(Collected data)

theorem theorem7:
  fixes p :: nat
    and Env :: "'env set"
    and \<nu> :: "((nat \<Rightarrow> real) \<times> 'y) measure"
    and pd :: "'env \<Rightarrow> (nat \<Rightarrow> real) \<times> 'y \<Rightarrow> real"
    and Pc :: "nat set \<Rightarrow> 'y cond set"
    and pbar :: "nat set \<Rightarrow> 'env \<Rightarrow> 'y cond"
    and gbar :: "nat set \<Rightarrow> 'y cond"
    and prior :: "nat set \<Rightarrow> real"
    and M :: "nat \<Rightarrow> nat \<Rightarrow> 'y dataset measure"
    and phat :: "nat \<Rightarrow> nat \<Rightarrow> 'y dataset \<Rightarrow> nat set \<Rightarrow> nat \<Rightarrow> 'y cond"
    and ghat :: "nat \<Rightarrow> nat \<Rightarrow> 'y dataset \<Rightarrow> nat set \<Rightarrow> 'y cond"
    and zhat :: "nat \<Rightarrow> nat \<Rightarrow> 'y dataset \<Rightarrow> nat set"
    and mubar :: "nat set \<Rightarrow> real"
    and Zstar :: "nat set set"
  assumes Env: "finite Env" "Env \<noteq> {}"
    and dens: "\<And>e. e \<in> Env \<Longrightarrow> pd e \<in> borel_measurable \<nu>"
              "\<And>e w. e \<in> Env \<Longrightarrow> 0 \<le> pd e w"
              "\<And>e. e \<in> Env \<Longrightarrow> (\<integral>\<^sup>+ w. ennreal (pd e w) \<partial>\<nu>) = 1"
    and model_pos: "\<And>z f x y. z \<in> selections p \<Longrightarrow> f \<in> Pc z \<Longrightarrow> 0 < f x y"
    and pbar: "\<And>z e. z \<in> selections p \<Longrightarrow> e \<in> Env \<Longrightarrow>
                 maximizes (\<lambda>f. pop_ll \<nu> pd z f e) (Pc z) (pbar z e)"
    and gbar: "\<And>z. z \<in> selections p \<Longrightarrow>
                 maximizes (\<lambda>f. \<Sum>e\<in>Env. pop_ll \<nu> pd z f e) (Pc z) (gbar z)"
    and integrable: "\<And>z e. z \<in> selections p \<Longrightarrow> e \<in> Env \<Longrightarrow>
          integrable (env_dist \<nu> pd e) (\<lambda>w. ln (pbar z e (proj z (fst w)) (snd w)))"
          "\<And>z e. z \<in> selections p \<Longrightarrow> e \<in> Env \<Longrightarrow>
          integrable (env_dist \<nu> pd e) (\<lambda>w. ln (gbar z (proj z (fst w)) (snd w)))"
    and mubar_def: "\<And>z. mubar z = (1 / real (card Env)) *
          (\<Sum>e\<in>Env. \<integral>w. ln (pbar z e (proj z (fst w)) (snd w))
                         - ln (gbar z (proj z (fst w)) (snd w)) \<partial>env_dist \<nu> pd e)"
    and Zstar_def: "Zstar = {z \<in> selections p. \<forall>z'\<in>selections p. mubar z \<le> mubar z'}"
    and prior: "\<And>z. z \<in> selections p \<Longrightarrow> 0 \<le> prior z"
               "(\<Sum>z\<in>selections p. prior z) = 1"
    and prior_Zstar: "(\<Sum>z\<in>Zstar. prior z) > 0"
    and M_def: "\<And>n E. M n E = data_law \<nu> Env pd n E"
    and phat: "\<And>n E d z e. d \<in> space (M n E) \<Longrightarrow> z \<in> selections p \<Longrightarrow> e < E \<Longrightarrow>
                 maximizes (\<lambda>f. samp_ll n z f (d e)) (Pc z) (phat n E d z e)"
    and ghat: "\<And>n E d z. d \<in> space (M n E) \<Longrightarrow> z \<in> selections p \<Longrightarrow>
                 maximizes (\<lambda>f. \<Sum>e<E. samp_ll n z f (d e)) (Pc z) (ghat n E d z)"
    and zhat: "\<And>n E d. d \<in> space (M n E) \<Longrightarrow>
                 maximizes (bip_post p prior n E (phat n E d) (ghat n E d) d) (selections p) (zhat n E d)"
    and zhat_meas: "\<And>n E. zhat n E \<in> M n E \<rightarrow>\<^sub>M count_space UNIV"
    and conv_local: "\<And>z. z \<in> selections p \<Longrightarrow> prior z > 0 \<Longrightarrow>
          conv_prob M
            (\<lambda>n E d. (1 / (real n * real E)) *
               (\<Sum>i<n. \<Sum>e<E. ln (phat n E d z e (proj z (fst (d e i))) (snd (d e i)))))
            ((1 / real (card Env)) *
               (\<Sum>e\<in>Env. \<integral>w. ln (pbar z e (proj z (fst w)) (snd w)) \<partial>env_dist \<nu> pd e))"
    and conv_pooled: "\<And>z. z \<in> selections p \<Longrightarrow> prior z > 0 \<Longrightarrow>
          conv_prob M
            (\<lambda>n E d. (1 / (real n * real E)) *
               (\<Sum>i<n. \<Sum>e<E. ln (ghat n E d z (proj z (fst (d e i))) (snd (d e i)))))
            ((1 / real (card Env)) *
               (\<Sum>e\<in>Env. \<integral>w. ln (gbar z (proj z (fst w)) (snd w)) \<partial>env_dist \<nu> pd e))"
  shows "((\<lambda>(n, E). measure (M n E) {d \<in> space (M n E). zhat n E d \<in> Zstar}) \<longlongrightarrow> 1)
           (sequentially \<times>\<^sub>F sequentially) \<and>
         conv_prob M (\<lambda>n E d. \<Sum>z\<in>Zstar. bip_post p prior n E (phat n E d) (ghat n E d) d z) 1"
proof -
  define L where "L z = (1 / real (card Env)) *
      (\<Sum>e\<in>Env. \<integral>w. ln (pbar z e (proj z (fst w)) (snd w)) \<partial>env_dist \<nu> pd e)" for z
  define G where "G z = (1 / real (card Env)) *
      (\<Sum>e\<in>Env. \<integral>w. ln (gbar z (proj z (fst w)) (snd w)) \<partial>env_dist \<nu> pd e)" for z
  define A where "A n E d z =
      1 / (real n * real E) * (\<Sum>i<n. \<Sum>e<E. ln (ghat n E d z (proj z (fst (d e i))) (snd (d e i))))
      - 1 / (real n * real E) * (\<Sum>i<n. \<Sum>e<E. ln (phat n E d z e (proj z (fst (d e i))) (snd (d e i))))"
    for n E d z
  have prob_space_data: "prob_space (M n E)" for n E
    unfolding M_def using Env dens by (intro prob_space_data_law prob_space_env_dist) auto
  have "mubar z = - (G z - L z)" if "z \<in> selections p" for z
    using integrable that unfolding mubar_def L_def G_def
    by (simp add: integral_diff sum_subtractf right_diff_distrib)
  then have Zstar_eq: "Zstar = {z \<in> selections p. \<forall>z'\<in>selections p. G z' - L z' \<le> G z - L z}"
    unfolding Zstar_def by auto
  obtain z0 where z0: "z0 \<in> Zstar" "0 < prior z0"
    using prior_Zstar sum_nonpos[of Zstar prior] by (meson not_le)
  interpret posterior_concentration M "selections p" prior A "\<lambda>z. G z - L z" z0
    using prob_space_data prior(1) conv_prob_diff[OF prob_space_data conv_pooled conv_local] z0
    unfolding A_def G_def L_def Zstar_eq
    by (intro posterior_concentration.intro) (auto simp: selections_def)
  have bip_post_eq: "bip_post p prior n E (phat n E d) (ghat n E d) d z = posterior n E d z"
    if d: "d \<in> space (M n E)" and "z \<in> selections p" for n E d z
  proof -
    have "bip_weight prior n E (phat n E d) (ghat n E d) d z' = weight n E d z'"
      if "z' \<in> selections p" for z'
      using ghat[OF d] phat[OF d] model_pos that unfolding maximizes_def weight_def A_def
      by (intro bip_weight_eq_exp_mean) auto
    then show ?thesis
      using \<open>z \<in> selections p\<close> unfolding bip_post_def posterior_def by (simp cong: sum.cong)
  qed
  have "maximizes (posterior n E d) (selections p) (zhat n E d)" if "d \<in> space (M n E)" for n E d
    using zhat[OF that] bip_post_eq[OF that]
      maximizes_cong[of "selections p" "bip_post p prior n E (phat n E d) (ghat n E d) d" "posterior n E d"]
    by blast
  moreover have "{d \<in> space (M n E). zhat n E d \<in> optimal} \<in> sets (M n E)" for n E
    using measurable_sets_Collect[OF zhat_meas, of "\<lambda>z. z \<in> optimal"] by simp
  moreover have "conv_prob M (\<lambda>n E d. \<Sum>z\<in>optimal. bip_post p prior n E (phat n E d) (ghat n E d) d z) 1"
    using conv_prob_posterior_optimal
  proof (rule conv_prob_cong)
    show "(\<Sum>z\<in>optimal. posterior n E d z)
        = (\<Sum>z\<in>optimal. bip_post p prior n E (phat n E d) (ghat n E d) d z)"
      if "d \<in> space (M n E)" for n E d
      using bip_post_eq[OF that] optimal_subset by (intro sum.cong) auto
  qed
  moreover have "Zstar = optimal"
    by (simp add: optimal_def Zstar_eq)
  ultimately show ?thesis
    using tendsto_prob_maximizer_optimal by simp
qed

* [Problem description] The answer must consist of the lines from the one with "using bip_post_eq[OF that]" through the final line of the entries above, exactly as they are, and nothing else.

* [Solution to this problem]
      using bip_post_eq[OF that] optimal_subset by (intro sum.cong) auto
  qed
  moreover have "Zstar = optimal"
    by (simp add: optimal_def Zstar_eq)
  ultimately show ?thesis
    using tendsto_prob_maximizer_optimal by simp
qed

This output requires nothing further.